About Jean-Paul

Born in Cote d’Ivoire in 1957, Jean-Paul Lefret (www.jplefret.com) left the Africa of his youth at 16 years old to pass his high school degree in France. He also attended the famous Ecole Nationale Superieure de photographie Louis-Lumiere (www.ens.louis-lumiere.fr), from which he graduated in 1980.

Jean-Paul has worked for numerous magazines including Dealer de luxe, Muteen, Vogue Bambini, l’Officiel, le Figaro Madame, and Milk, and he has photographed several  advertising and fashion campaigns including Diesel, Sony, Nestlé, Leroy Merlin, Jacadi, Sony, Triton, Muratti, Miko, Fiat, Ariston, and Marks & Spencer. For several years, he taught at the photographic school ACE3P at Ivry-sur-Seine.
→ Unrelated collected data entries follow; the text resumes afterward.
lemma bij_betw_map_permutation:
  assumes "bij_betw f A B"
  shows "bij_betw (map_permutation A f) {p. p permutes A} {q. q permutes B}"
proof (rule bij_betw_byWitness[where f' = "map_permutation B (inv_into A f)"])
  have inv: "bij_betw (inv_into A f) B A"
    using assms by (rule bij_betw_inv_into)
  show "\<forall>p\<in>{p. p permutes A}. map_permutation B (inv_into A f) (map_permutation A f p) = p"
    using map_permutation_compose_inv[OF assms] bij_betw_inv_into_left[OF assms] by blast
  show "\<forall>q\<in>{q. q permutes B}. map_permutation A f (map_permutation B (inv_into A f) q) = q"
    using map_permutation_compose_inv[OF inv] bij_betw_inv_into_right[OF assms] by blast
  show "map_permutation A f ` {p. p permutes A} \<subseteq> {q. q permutes B}"
    using assms by (auto intro: map_permutation_permutes)
  show "map_permutation B (inv_into A f) ` {q. q permutes B} \<subseteq> {p. p permutes A}"
    using inv by (auto intro: map_permutation_permutes)
qed

lemma det_on_reindex:
  assumes A: "finite A" and f: "bij_betw f A B"
  shows "det_on B M = det_on A (\<lambda>x y. M (f x) (f y))"
proof -
  have inj: "inj_on f A"
    using f by (rule bij_betw_imp_inj_on)
  have "det_on B M = (\<Sum>p | p permutes A.
      of_int (sign (map_permutation A f p)) * (\<Prod>y\<in>B. M y (map_permutation A f p y)))"
    unfolding det_on_def by (rule sum.reindex_bij_betw[OF bij_betw_map_permutation[OF f], symmetric])
  also have "\<dots> = (\<Sum>p | p permutes A. of_int (sign p) * (\<Prod>x\<in>A. M (f x) (f (p x))))"
  proof (intro sum.cong refl)
    fix p assume "p \<in> {p. p permutes A}"
    then have p: "p permutes A" by simp
    have "(\<Prod>y\<in>B. M y (map_permutation A f p y)) = (\<Prod>x\<in>A. M (f x) (map_permutation A f p (f x)))"
      by (rule prod.reindex_bij_betw[OF f, symmetric])
    also have "\<dots> = (\<Prod>x\<in>A. M (f x) (f (p x)))"
      using inj by (intro prod.cong refl) (simp add: map_permutation_apply)
    finally show "of_int (sign (map_permutation A f p)) * (\<Prod>y\<in>B. M y (map_permutation A f p y))
        = of_int (sign p) * (\<Prod>x\<in>A. M (f x) (f (p x)))"
      using sign_map_permutation[OF inj p A] by simp
  qed
  finally show ?thesis unfolding det_on_def .
qed

lemma det_on_atLeastLessThan:
  "det_on {0..<n} M = det (mat n n (\<lambda>(i, j). M i j))"
  by (subst det_def'[of _ n]) (auto simp: det_on_def permutes_in_image intro!: sum.cong prod.cong)

lemma det_on_mult:
  assumes V: "finite V"
  shows "det_on V (mat_mult_on V M N) = det_on V M * det_on V N"
proof -
  obtain f where f: "bij_betw f {0..<card V} V"
    using ex_bij_betw_nat_finite[OF V] by blast
  define n where "n = card V"
  let ?mat = "\<lambda>X. mat n n (\<lambda>(i, j). X (f i) (f j))"
  have "?mat (mat_mult_on V M N) = ?mat M * ?mat N"
  proof (rule eq_matI)
    fix i j assume "i < dim_row (?mat M * ?mat N)" "j < dim_col (?mat M * ?mat N)"
    then show "?mat (mat_mult_on V M N) $$ (i, j) = (?mat M * ?mat N) $$ (i, j)"
      using sum.reindex_bij_betw[OF f, of "\<lambda>w. M (f i) w * N w (f j)"]
      by (simp add: n_def mat_mult_on_def scalar_prod_def)
  qed auto
  moreover have "det_on V X = det (?mat X)" for X
    using det_on_reindex[OF _ f] by (simp add: n_def det_on_atLeastLessThan)
  ultimately show ?thesis
    by (metis det_mult mat_carrier)
qed

lemma det_on_zero_row:
  assumes "finite V" "x0 \<in> V" "\<And>y. y \<in> V \<Longrightarrow> M x0 y = 0"
  shows "det_on V M = 0"
  unfolding det_on_def
proof (intro sum.neutral ballI)
  fix p assume "p \<in> {p. p permutes V}"
  then have "M x0 (p x0) = 0"
    using assms(2,3) by (simp add: permutes_in_image)
  then have "(\<Prod>x\<in>V. M x (p x)) = 0"
    using assms(1,2) by (intro prod_zero) auto
  then show "of_int (sign p) * (\<Prod>x\<in>V. M x (p x)) = 0"
    by simp
qed

lemma det_on_eq_0_if_left_null:
  assumes V: "finite V" and x0: "x0 \<in> V" "v x0 = 1"
    and null: "\<And>y. y \<in> V \<Longrightarrow> (\<Sum>x\<in>V. v x * M x y) = 0"
  shows "det_on V M = 0"
proof -
  define P where "P x y = (if x = x0 then v y else of_bool (x = y))" for x y
  have "det_on V P = (\<Prod>x\<in>V. P x x)"
    by (rule det_on_triangular[OF V, where h = "\<lambda>x. if x = x0 then 0 else 1 :: nat"])
       (auto simp: P_def split: if_splits)
  also have "\<dots> = 1"
    using x0 by (intro prod.neutral) (simp add: P_def)
  finally have "det_on V M = det_on V P * det_on V M"
    by simp
  also have "\<dots> = det_on V (mat_mult_on V P M)"
    by (rule det_on_mult[OF V, symmetric])
  also have "\<dots> = 0"
    using V x0(1) by (rule det_on_zero_row) (simp add: mat_mult_on_def P_def null)
  finally show ?thesis .
qed

lemma det_on_sum_rows:
  assumes V: "finite V" and S: "\<And>x. x \<in> V \<Longrightarrow> finite (S x)"
  shows "det_on V (\<lambda>x y. \<Sum>c\<in>S x. a x c * R x c y)
       = (\<Sum>C\<in>PiE V S. (\<Prod>x\<in>V. a x (C x)) * det_on V (\<lambda>x. R x (C x)))"
proof -
  have "det_on V (\<lambda>x y. \<Sum>c\<in>S x. a x c * R x c y)
      = (\<Sum>p | p permutes V. \<Sum>C\<in>PiE V S.
           (\<Prod>x\<in>V. a x (C x)) * (of_int (sign p) * (\<Prod>x\<in>V. R x (C x) (p x))))"
    unfolding det_on_def using V S
    by (simp add: prod_sum_PiE sum_distrib_left prod.distrib mult.left_commute)
  also have "\<dots> = (\<Sum>C\<in>PiE V S. (\<Prod>x\<in>V. a x (C x)) * det_on V (\<lambda>x. R x (C x)))"
    unfolding det_on_def by (subst sum.swap) (simp add: sum_distrib_left)
  finally show ?thesis .
qed


section \<open>The matrix-forest theorem\<close>

definition oriented_forests :: "'v set \<Rightarrow> ('v \<times> 'v) set \<Rightarrow> ('v \<times> 'v) set set" where
  "oriented_forests V E = {F. F \<subseteq> E \<and> acyclic F \<and> (\<forall>x\<in>V. card {y. (x, y) \<in> F} \<le> 1)}"

definition forest_matrix :: "('v \<times> 'v) set \<Rightarrow> 'a \<Rightarrow> ('v \<Rightarrow> 'v \<Rightarrow> 'a) \<Rightarrow> 'v \<Rightarrow> 'v \<Rightarrow> 'a::comm_ring_1" where
  "forest_matrix E z w x y =
     of_bool (x = y) * (z + (\<Sum>u\<in>E``{x}. w x u)) - of_bool ((x, y) \<in> E) * w x y"

text \<open>A choice function \<open>C\<close> sends each vertex to itself, making it a root, or to an
  out-neighbour.\<close>

definition choice_graph :: "'v set \<Rightarrow> ('v \<Rightarrow> 'v) \<Rightarrow> ('v \<times> 'v) set" where
  "choice_graph V C = {(x, C x) |x. x \<in> V \<and> C x \<noteq> x}"

definition pointer_row :: "'v \<Rightarrow> 'v \<Rightarrow> 'v \<Rightarrow> 'a::comm_ring_1" where
  "pointer_row x c y = of_bool (y = x) - of_bool (c \<noteq> x \<and> y = c)"

lemma pointer_row_same [simp]: "pointer_row x c x = 1"
  by (auto simp: pointer_row_def)

lemma mem_choice_graph: "(x, y) \<in> choice_graph V C \<longleftrightarrow> x \<in> V \<and> C x \<noteq> x \<and> y = C x"
  by (auto simp: choice_graph_def)

lemma choice_graph_subset:
  assumes "C \<in> V \<rightarrow> V"
  shows "choice_graph V C \<subseteq> V \<times> V"
  using assms by (auto simp: choice_graph_def)

lemma det_on_pointer_rows_acyclic:
  assumes V: "finite V" and C: "C \<in> V \<rightarrow> V" and acyc: "acyclic (choice_graph V C)"
  shows "det_on V (\<lambda>x. pointer_row x (C x)) = (1::'a::comm_ring_1)"
proof -
  let ?R = "choice_graph V C"
  have R: "?R\<^sup>+ \<subseteq> V \<times> V"
    using choice_graph_subset[OF C] by (rule trancl_subset_Sigma)
  define h where "h x = card {u. (u, x) \<in> ?R\<^sup>+}" for x
  have "det_on V (\<lambda>x. pointer_row x (C x)) = (\<Prod>x\<in>V. pointer_row x (C x) x :: 'a)"
  proof (rule det_on_triangular[OF V, where h = h])
    fix x y assume "x \<in> V" "y \<in> V" "x \<noteq> y" "pointer_row x (C x) y \<noteq> (0::'a)"
    then have xy: "(x, y) \<in> ?R"
      by (auto simp: pointer_row_def mem_choice_graph split: if_splits)
    have "{u. (u, x) \<in> ?R\<^sup>+} \<subset> {u. (u, y) \<in> ?R\<^sup>+}"
      using xy acyc by (auto simp: acyclic_def intro: trancl_into_trancl)
    moreover have "finite {u. (u, y) \<in> ?R\<^sup>+}"
      using R V by (intro finite_subset[OF _ V]) auto
    ultimately show "h x < h y"
      unfolding h_def by (rule psubset_card_mono[rotated])
  qed
  then show ?thesis
    by simp
qed

text \<open>On a cycle of the choice graph the map is a bijection, so the indicator of the set of
  vertices lying on cycles is a left null vector of the pointer matrix.\<close>

lemma det_on_pointer_rows_cyclic:
  assumes V: "finite V" and C: "C \<in> V \<rightarrow> V" and cyc: "\<not> acyclic (choice_graph V C)"
  shows "det_on V (\<lambda>x. pointer_row x (C x)) = (0::'a::comm_ring_1)"
proof -
  let ?R = "choice_graph V C"
  define S where "S = {y. (y, y) \<in> ?R\<^sup>+}"
  obtain x0 where "x0 \<in> S"
    using cyc by (auto simp: acyclic_def S_def)
  have SV: "S \<subseteq> V"
    using trancl_subset_Sigma[OF choice_graph_subset[OF C]] by (auto simp: S_def)
  then have finS: "finite S"
    using V by (rule finite_subset)
  have moves: "C y \<noteq> y" if "y \<in> S" for y
    using that by (auto simp: S_def mem_choice_graph dest: tranclD)
  have "C ` S = S"
  proof
    show "C ` S \<subseteq> S"
    proof
      fix u assume "u \<in> C ` S"
      then obtain y where "y \<in> S" "u = C y" by blast
      then obtain u' where "(y, u') \<in> ?R" "(u', y) \<in> ?R\<^sup>*"
        by (auto simp: S_def dest: tranclD)
      then show "u \<in> S"
        using \<open>u = C y\<close> by (auto simp: S_def mem_choice_graph intro: rtrancl_into_trancl1)
    qed
    show "S \<subseteq> C ` S"
    proof
      fix y assume "y \<in> S"
      then obtain u where u: "(y, u) \<in> ?R\<^sup>*" "(u, y) \<in> ?R"
        by (auto simp: S_def dest: tranclD2)
      then have "u \<in> S"
        by (auto simp: S_def intro: rtrancl_into_trancl2)
      then show "y \<in> C ` S"
        using u(2) by (auto simp: mem_choice_graph)
    qed
  qed
  then have inj: "inj_on C S"
    using finS by (intro eq_card_imp_inj_on) auto
  show ?thesis
  proof (rule det_on_eq_0_if_left_null[OF V, where v = "\<lambda>x. of_bool (x \<in> S)"])
    show "x0 \<in> V" "of_bool (x0 \<in> S) = (1::'a)"
      using \<open>x0 \<in> S\<close> SV by auto
    fix w
    have "(\<Sum>x\<in>V. of_bool (x \<in> S) * pointer_row x (C x) w)
        = (\<Sum>x\<in>S. of_bool (w = x)) - (\<Sum>x\<in>S. of_bool (w = C x) :: 'a)"
      using V SV moves
      by (simp add: sum.inter_restrict[symmetric] Int_absorb1 pointer_row_def sum_subtractf
               eq_commute[of w] cong: sum.cong)
    also have "(\<Sum>x\<in>S. of_bool (w = C x)) = (\<Sum>x\<in>C ` S. of_bool (w = x) :: 'a)"
      by (simp add: sum.reindex[OF inj])
    finally show "(\<Sum>x\<in>V. of_bool (x \<in> S) * pointer_row x (C x) w) = (0::'a)"
      using \<open>C ` S = S\<close> by simp
  qed
qed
Jean-Paul is currently working on a personal project photographing several ethnic groups: The Tiwi Aborigines from Northern Australia, the Inuits of Nunavut from the Pont Inlet area and the Tsataans of Mongolia.  Jean-Paul Lefret is also co-founder, contributor and editor of the magazine “The Play Ground”, which is based on photography, childhood and family (www.theplaygroundmagazine.com). This magazine is as artistic as it is prestigious, distributed exclusively in shops such as Colette, Merci, le Palais de Tokyo, the Centre Pompidou in Paris, the Corso Como in Milan and the ABC in Tokyo.

Based in the XIXe arrondissement, where he owns a photo studio: Photo Studio La Salle de Bain, Jean-Paul Lefret, is represented in Paris, London, Milan and Sao Paulo and works for several international companies. He is currently working on a personal project on the theme of “ the animism of our civilization”, which is a set of urban and contemporary setting in which he adds young female characters inspired from icons.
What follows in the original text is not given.